Whenever I make a recommendation, I always start with real food. Fermented foods have a lot of good bacteria so that is where I would begin. Some examples are of good probiotic foods are sauerkraut, kim chi, kefir, kombucha, yogurt (with live active cultures,) miso, and naturally pickled foods.
Most of these are available in grocery stores but if you are adventurous you can try making your own. Sauerkraut is pretty much just cabbage and salt. Kim Chi needs some Korean chili pepper flakes. Kefir needs a starter culture and kombucha needs a SCOBY (symbiotic culture of bacteria and yeast).
If you are looking to add probiotic foods be careful of added sugar. Yogurt and kefir from the grocery store can have sugar added to it. Sugar helps to feed the bad bacteria in your gut so that can be counter-productive.
When adding fermented foods, choose ones that don’t use vinegar or pasteurization. These can kill a lot of the good bacteria that you’re looking for.
2. Eat Prebiotic foods.
These will increase the amount of good bacteria by feeding the bacteria that is already in your gut.
Soluble fiber is what the gut flora looks for to consume and ferment.
Since prebiotics come from fiber-rich foods, some of them will have a lot of carbohydrates. Carbs are not a bad thing, but if you are on a low-carb plan you’ll need to pay attention to this.
Some great prebiotic foods are artichokes, onions, garlic, asparagus, sweet potatoes, bananas, honey, turnips, brussels sprouts, leeks and dandelion greens.
3. Limit Sugars, Processed Foods, and Vegetable oils
It’s important to have a good ratio of good and bad bacteria in the gut so you want to limit the amount of bad bacteria. These crappy foods help to feed the bad bacteria in your gut.
Most people eat way too much of these which means their gut bacteria has way too much bad bacteria and way too little good bacteria.
This can start to wear away at the lining of the intestines and lead to inflammation, and digestion problems.
4. Avoid Anti-Inflammatory and Antibiotic drugs (if possible)
These drugs serve a purpose and can help people with many issues. The thing is people turn to these a lot more than they really need. I know some people use an NSAID (Non-Steroidal Anti-Inflammatory Drug) like Advil or Tylenol, every time they have a little headache.
Used properly they can kill infections and reduce inflammation. The downside is they can also kill the good bacteria in the gut. This makes it much easier for the bad bacteria to thrive.
These drugs don’t just get into your system from pills. They are also in foods we eat in the form of non-organic fruits and veggie and factory raised meats.
5. Take a Probiotic Supplement
In addition to getting probiotics from food, you can also get probiotics from supplements. I like to get as much nutrition from real food as possible, but supplements can help give you a boost if you diet isn’t up to par.
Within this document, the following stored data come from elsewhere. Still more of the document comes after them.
(* Let $n\ge2$, $1\le k\le n-1$, $N=\binom n2$, and let $(s_t)_{t\in\mathbb Z}$ be the periodic extension of a uniformly random sorting network in $\Omega_n$. Let $\mathrm{Sp}_{k,n}=Y-X$ with $X=\max\{t\le0:s_t=k\}$, $Y=\min\{t>0:s_t=k\}$; let $\widehat{\mathrm{Sp}}_{k,n}$ have the conditional law of $\min\{t>0:s_t=k\}$ given $\{s_0=k\}$; let $\mathbf T_{FS,n}(k)=\min\{t\ge1:s_t=k\}$. Put $f'_1(L)=\mathbb P(\mathrm{Sp}_{k,n}=L)$, $f'_2(L)=\mathbb P(\widehat{\mathrm{Sp}}_{k,n}=L)$, $g'(L)=\mathbb P(\mathbf T_{FS,n}(k)=L)$, $\Delta g'(L)=g'(L+1)-g'(L)$, and $M=\mathbb P(s_1=k)=|\{\omega\in\Omega_n:s_1=k\}|/|\Omega_n|$. Then for all $L\ge1$, $$-\Delta g'(L)\cdot L=f'_1(L),\qquad -\Delta g'(L)=M\cdot f'_2(L).$$
   Context: $\tau_k=(k,k+1)\in\mathfrak S_n$. A sorting network of size $n$ is $(s_1,\dots,s_N)$, $s_i\in\{1,\dots,n-1\}$, with $\tau_{s_1}\cdots\tau_{s_N}=(n\ n-1\ \dots\ 2\ 1)$; $\Omega_n$ is the set of them, with the uniform measure. Its periodic extension is $(s_t)_{t\in\mathbb Z}$ with $s_{t+N}=n-s_t$ for all $t$ (a $2N$-periodic sequence). *)

theory Defs
  imports Complex_Main "HOL-Combinatorics.Transposition"
begin

definition adj_tau :: "nat \<Rightarrow> nat \<Rightarrow> nat" where
  "adj_tau k = Transposition.transpose k (Suc k)"

definition word_prod :: "nat list \<Rightarrow> nat \<Rightarrow> nat" where
  "word_prod s = foldr (\<lambda>k f. adj_tau k \<circ> f) s id"

definition rev_perm :: "nat \<Rightarrow> nat \<Rightarrow> nat" where
  "rev_perm n = (\<lambda>i. if 1 \<le> i \<and> i \<le> n then n + 1 - i else i)"

definition sorting_networks :: "nat \<Rightarrow> nat list set" where
  "sorting_networks n = {s. length s = n choose 2 \<and> set s \<subseteq> {1..n-1}
                          \<and> word_prod s = rev_perm n}"

text \<open>Periodic extension: s_t for t in Z, with s_{t+N} = n - s_t, where s_t = s!(t-1) for 1 <= t <= N.\<close>
definition per_ext :: "nat \<Rightarrow> nat list \<Rightarrow> int \<Rightarrow> nat" where
  "per_ext n s t = (let N = int (length s); q = (t - 1) div N; r = nat ((t - 1) mod N)
                    in if even q then s ! r else n - s ! r)"

definition unif_prob :: "nat \<Rightarrow> (nat list \<Rightarrow> bool) \<Rightarrow> real" where
  "unif_prob n P = real (card {s \<in> sorting_networks n. P s}) / real (card (sorting_networks n))"

definition spacing :: "nat \<Rightarrow> nat \<Rightarrow> nat list \<Rightarrow> int" where
  "spacing n k s = (LEAST t. t > 0 \<and> per_ext n s t = k) - (GREATEST t. t \<le> 0 \<and> per_ext n s t = k)"

definition first_after :: "nat \<Rightarrow> nat \<Rightarrow> nat list \<Rightarrow> int" where
  "first_after n k s = (LEAST t. t > 0 \<and> per_ext n s t = k)"

definition T_FS :: "nat \<Rightarrow> nat \<Rightarrow> nat list \<Rightarrow> int" where
  "T_FS n k s = (LEAST t. t \<ge> 1 \<and> per_ext n s t = k)"

definition f1' :: "nat \<Rightarrow> nat \<Rightarrow> int \<Rightarrow> real" where
  "f1' n k L = unif_prob n (\<lambda>s. spacing n k s = L)"

definition f2' :: "nat \<Rightarrow> nat \<Rightarrow> int \<Rightarrow> real" where
  "f2' n k L = unif_prob n (\<lambda>s. first_after n k s = L \<and> per_ext n s 0 = k)
               / unif_prob n (\<lambda>s. per_ext n s 0 = k)"

definition g' :: "nat \<Rightarrow> nat \<Rightarrow> int \<Rightarrow> real" where
  "g' n k L = unif_prob n (\<lambda>s. T_FS n k s = L)"

end

theory Submission
  imports Defs
begin

text \<open>
  The rotation \<open>(s\<^sub>1, \<dots>, s\<^sub>N) \<mapsto> (s\<^sub>2, \<dots>, s\<^sub>N, n - s\<^sub>1)\<close> is a bijection of
  \<open>\<Omega>\<^sub>n\<close> that shifts the periodic extension by one time step, so the law of \<open>(s\<^sub>t)\<close> is
  shift invariant. Hence every event "consecutive visits to \<open>k\<close> at times \<open>a\<close> and \<open>a + L\<close>"
  has the same probability \<open>\<beta> = P(s\<^sub>0 = k, next visit at L)\<close>.
  Shifting by one step, \<open>{T\<^sub>F\<^sub>S = L}\<close> becomes the disjoint union of
  \<open>{s\<^sub>1 = k, next visit at L + 1}\<close> and \<open>{T\<^sub>F\<^sub>S = L + 1}\<close>, so \<open>-\<Delta>g'(L) = \<beta>\<close>.
  The event \<open>{Sp = L}\<close> is the disjoint union over the \<open>L\<close> possible positions of the gap
  straddling time \<open>0\<close>, so \<open>f'\<^sub>1(L) = L \<beta>\<close>; and \<open>M f'\<^sub>2(L) = \<beta>\<close> because
  \<open>P(s\<^sub>1 = k) = P(s\<^sub>0 = k)\<close>.
\<close>

section \<open>Visits of an integer-indexed sequence\<close>

lemma ex_least_int_greater:
  fixes P :: "int \<Rightarrow> bool"
  assumes "a < t\<^sub>0" "P t\<^sub>0"
  shows "\<exists>m. a < m \<and> P m \<and> (\<forall>t. a < t \<and> t < m \<longrightarrow> \<not> P t)"
proof -
  let ?S = "{t. a < t \<and> t \<le> t\<^sub>0 \<and> P t}"
  have "finite ?S" by (rule finite_subset[of _ "{a<..t\<^sub>0}"]) auto
  moreover have "t\<^sub>0 \<in> ?S" using assms by simp
  ultimately have min: "Min ?S \<in> ?S" and below: "\<And>t. t \<in> ?S \<Longrightarrow> Min ?S \<le> t"
    using Min_in Min_le by blast+
  have "\<not> P t" if "a < t" "t < Min ?S" for t
    using below[of t] min that by auto
  with min show ?thesis by blast
qed

lemma ex_greatest_int_le:
  fixes P :: "int \<Rightarrow> bool"
  assumes "t\<^sub>0 \<le> b" "P t\<^sub>0"
  shows "\<exists>m. m \<le> b \<and> P m \<and> (\<forall>t. m < t \<and> t \<le> b \<longrightarrow> \<not> P t)"
proof -
  let ?S = "{t. t\<^sub>0 \<le> t \<and> t \<le> b \<and> P t}"
  have "finite ?S" by (rule finite_subset[of _ "{t\<^sub>0..b}"]) auto
  moreover have "t\<^sub>0 \<in> ?S" using assms by simp
  ultimately have max: "Max ?S \<in> ?S" and above: "\<And>t. t \<in> ?S \<Longrightarrow> t \<le> Max ?S"
    using Max_in Max_ge by blast+
  have "\<not> P t" if "Max ?S < t" "t \<le> b" for t
    using above[of t] max that by auto
  with max show ?thesis by blast
qed

lemma Least_int_greater_eq_iff:
  fixes P :: "int \<Rightarrow> bool"
  assumes "\<exists>t>a. P t"
  shows "(LEAST t. a < t \<and> P t) = m \<longleftrightarrow> a < m \<and> P m \<and> (\<forall>t. a < t \<and> t < m \<longrightarrow> \<not> P t)"
    (is "_ \<longleftrightarrow> ?least m")
proof
  have Least_eq: "(LEAST t. a < t \<and> P t) = m" if "?least m" for m
    by (rule Least_equality) (use that in \<open>auto simp: not_less[symmetric]\<close>)
  then show "?least m \<Longrightarrow> (LEAST t. a < t \<and> P t) = m" .
  obtain m\<^sub>0 where "?least m\<^sub>0" using assms ex_least_int_greater by blast
  then show "(LEAST t. a < t \<and> P t) = m \<Longrightarrow> ?least m" using Least_eq by blast
qed

lemma Greatest_int_le_eq_iff:
  fixes P :: "int \<Rightarrow> bool"
  assumes "\<exists>t\<le>b. P t"
  shows "(GREATEST t. t \<le> b \<and> P t) = m \<longleftrightarrow> m \<le> b \<and> P m \<and> (\<forall>t. m < t \<and> t \<le> b \<longrightarrow> \<not> P t)"
    (is "_ \<longleftrightarrow> ?greatest m")
proof
  have Greatest_eq: "(GREATEST t. t \<le> b \<and> P t) = m" if "?greatest m" for m
    by (rule Greatest_equality) (use that in \<open>auto simp: not_less[symmetric]\<close>)
  then show "?greatest m \<Longrightarrow> (GREATEST t. t \<le> b \<and> P t) = m" .
  obtain m\<^sub>0 where "?greatest m\<^sub>0" using assms ex_greatest_int_le by blast
  then show "(GREATEST t. t \<le> b \<and> P t) = m \<Longrightarrow> ?greatest m" using Greatest_eq by blast
qed

definition first_visit_after :: "(int \<Rightarrow> 'a) \<Rightarrow> 'a \<Rightarrow> int \<Rightarrow> int \<Rightarrow> bool" where
  "first_visit_after f k a b \<longleftrightarrow> a < b \<and> f b = k \<and> (\<forall>t. a < t \<and> t < b \<longrightarrow> f t \<noteq> k)"

definition consecutive_visits :: "(int \<Rightarrow> 'a) \<Rightarrow> 'a \<Rightarrow> int \<Rightarrow> int \<Rightarrow> bool" where
  "consecutive_visits f k a b \<longleftrightarrow> f a = k \<and> first_visit_after f k a b"

lemma Least_visit_eq_iff:
  assumes "\<exists>t>a. f t = k"
  shows "(LEAST t. a < t \<and> f t = k) = b \<longleftrightarrow> first_visit_after f k a b"
  unfolding first_visit_after_def using Least_int_greater_eq_iff[OF assms] by simp

lemma first_visit_after_shift:
  "first_visit_after (\<lambda>t. f (t + d)) k a b \<longleftrightarrow> first_visit_after f k (a + d) (b + d)"
proof -
  have "(\<forall>t. a < t \<and> t < b \<longrightarrow> f (t + d) \<noteq> k) \<longleftrightarrow> (\<forall>u. a + d < u \<and> u < b + d \<longrightarrow> f u \<noteq> k)"
  proof
    assume "\<forall>t. a < t \<and> t < b \<longrightarrow> f (t + d) \<noteq> k"
    then show "\<forall>u. a + d < u \<and> u < b + d \<longrightarrow> f u \<noteq> k"
      by (metis add_less_cancel_right diff_add_cancel)
  qed auto
  then show ?thesis by (simp add: first_visit_after_def)
qed

lemma consecutive_visits_shift:
  "consecutive_visits (\<lambda>t. f (t + d)) k a b \<longleftrightarrow> consecutive_visits f k (a + d) (b + d)"
  by (simp add: consecutive_visits_def first_visit_after_shift)

lemma first_visit_after_split:
  assumes "a + 1 < b"
  shows "first_visit_after f k (a + 1) b \<longleftrightarrow> consecutive_visits f k (a + 1) b \<or> first_visit_after f k a b"
proof -
  have "\<And>t. a < t \<longleftrightarrow> t = a + 1 \<or> a + 1 < t" by arith
  then show ?thesis using assms by (auto simp: consecutive_visits_def first_visit_after_def)
qed

lemma not_consecutive_visits_and_first_visit_after:
  "\<not> (consecutive_visits f k (a + 1) b \<and> first_visit_after f k a b)"
  using less_add_one[of a] unfolding consecutive_visits_def first_visit_after_def by blast

lemma consecutive_visits_overlap:
  assumes "consecutive_visits f k a b" "consecutive_visits f k a' b'" "a \<le> a'" "a' < b"
  shows "a' = a"
  using assms unfolding consecutive_visits_def first_visit_after_def by force

lemma gap_around_zero_eq_iff:
  assumes "\<exists>t>0. f t = k" "\<exists>t\<le>0. f t = k"
  shows "(LEAST t. t > 0 \<and> f t = k) - (GREATEST t. t \<le> 0 \<and> f t = k) = L
         \<longleftrightarrow> (\<exists>j\<in>{0..<L}. consecutive_visits f k (- j) (L - j))"
proof -
  define Y where "Y = (LEAST t. t > 0 \<and> f t = k)"
  define X where "X = (GREATEST t. t \<le> 0 \<and> f t = k)"
  have Y: "first_visit_after f k 0 Y"
    unfolding Y_def using Least_visit_eq_iff[OF assms(1)] by blast
  have X: "X \<le> 0 \<and> f X = k \<and> (\<forall>t. X < t \<and> t \<le> 0 \<longrightarrow> f t \<noteq> k)"
    unfolding X_def using Greatest_int_le_eq_iff[OF assms(2)] by blast
  show ?thesis
    unfolding Y_def[symmetric] X_def[symmetric]
  proof
    assume "Y - X = L"
    then have Y_eq: "Y = L - - X" by simp
    have "consecutive_visits f k X Y"
      unfolding consecutive_visits_def first_visit_after_def
    proof (intro conjI allI impI)
      fix t assume "X < t \<and> t < Y"
      then show "f t \<noteq> k" using X Y by (cases "t \<le> 0") (auto simp: first_visit_after_def)
    qed (use X Y in \<open>auto simp: first_visit_after_def\<close>)
    then show "\<exists>j\<in>{0..<L}. consecutive_visits f k (- j) (L - j)"
      using X Y unfolding Y_eq by (intro bexI[of _ "- X"]) (simp_all add: first_visit_after_def)
  next
    assume "\<exists>j\<in>{0..<L}. consecutive_visits f k (- j) (L - j)"
    then obtain j where j: "0 \<le> j" "j < L" and gap: "consecutive_visits f k (- j) (L - j)"
      by auto
    have "first_visit_after f k 0 (L - j)"
      using gap j by (simp add: consecutive_visits_def first_visit_after_def)
    then have "Y = L - j"
      unfolding Y_def using Least_visit_eq_iff[OF assms(1)] by blast
    moreover have "- j \<le> 0 \<and> f (- j) = k \<and> (\<forall>t. - j < t \<and> t \<le> 0 \<longrightarrow> f t \<noteq> k)"
      using gap j by (simp add: consecutive_visits_def first_visit_after_def)
    then have "X = - j"
      unfolding X_def using Greatest_int_le_eq_iff[OF assms(2)] by blast
    ultimately show "Y - X = L" by simp
  qed
qed

section \<open>Sorting networks and their periodic extension\<close>

lemma word_prod_Cons: "word_prod (a # s) = adj_tau a \<circ> word_prod s"
  by (simp add: word_prod_def)

lemma word_prod_snoc: "word_prod (s @ [a]) = word_prod s \<circ> adj_tau a"
  by (induction s) (auto simp: word_prod_def)

lemma adj_tau_adj_tau [simp]: "adj_tau a (adj_tau a x) = x"
  by (simp add: adj_tau_def transpose_def)

lemma rev_perm_adj_tau:
  assumes "1 \<le> a" "a \<le> n - 1"
  shows "rev_perm n (adj_tau (n - a) x) = adj_tau a (rev_perm n x)"
  using assms by (auto simp: rev_perm_def adj_tau_def transpose_def)

lemma word_prod_le_if_not_in_set: "k \<notin> set s \<Longrightarrow> i \<le> k \<Longrightarrow> word_prod s i \<le> k"
  by (induction s) (auto simp: word_prod_def adj_tau_def transpose_def)

lemma finite_sorting_networks: "finite (sorting_networks n)"
proof (rule finite_subset)
  show "sorting_networks n \<subseteq> {s. set s \<subseteq> {1..n-1} \<and> length s = n choose 2}"
    by (auto simp: sorting_networks_def)
qed (rule finite_lists_length_eq, simp)

lemma sorting_network_nonempty: "2 \<le> n \<Longrightarrow> s \<in> sorting_networks n \<Longrightarrow> s \<noteq> []"
  by (auto simp: sorting_networks_def)

text \<open>Without \<open>\<tau>\<^sub>k\<close> no point of \<open>{..k}\<close> can leave it, but the reversal sends \<open>1\<close> to \<open>n\<close>.\<close>

lemma in_set_sorting_network:
  assumes "s \<in> sorting_networks n" "1 \<le> k" "k \<le> n - 1"
  shows "k \<in> set s"
proof (rule ccontr)
  assume "k \<notin> set s"
  then have "word_prod s 1 \<le> k" using word_prod_le_if_not_in_set assms(2) by blast
  moreover have "word_prod s 1 = n" using assms by (simp add: sorting_networks_def rev_perm_def)
  ultimately show False using assms by simp
qed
Probiotic supplements can be useful to repopulate the good bacteria in your gut after a medication, like an antibiotic, kills the good bacteria in your gut.
There are a lot of types of probiotic bacteria that have do different things in the body so do your research because not all supplements are created equal. And of course, if you are unsure about taking anything or if you have any pre-existing condition, please consult your doctor.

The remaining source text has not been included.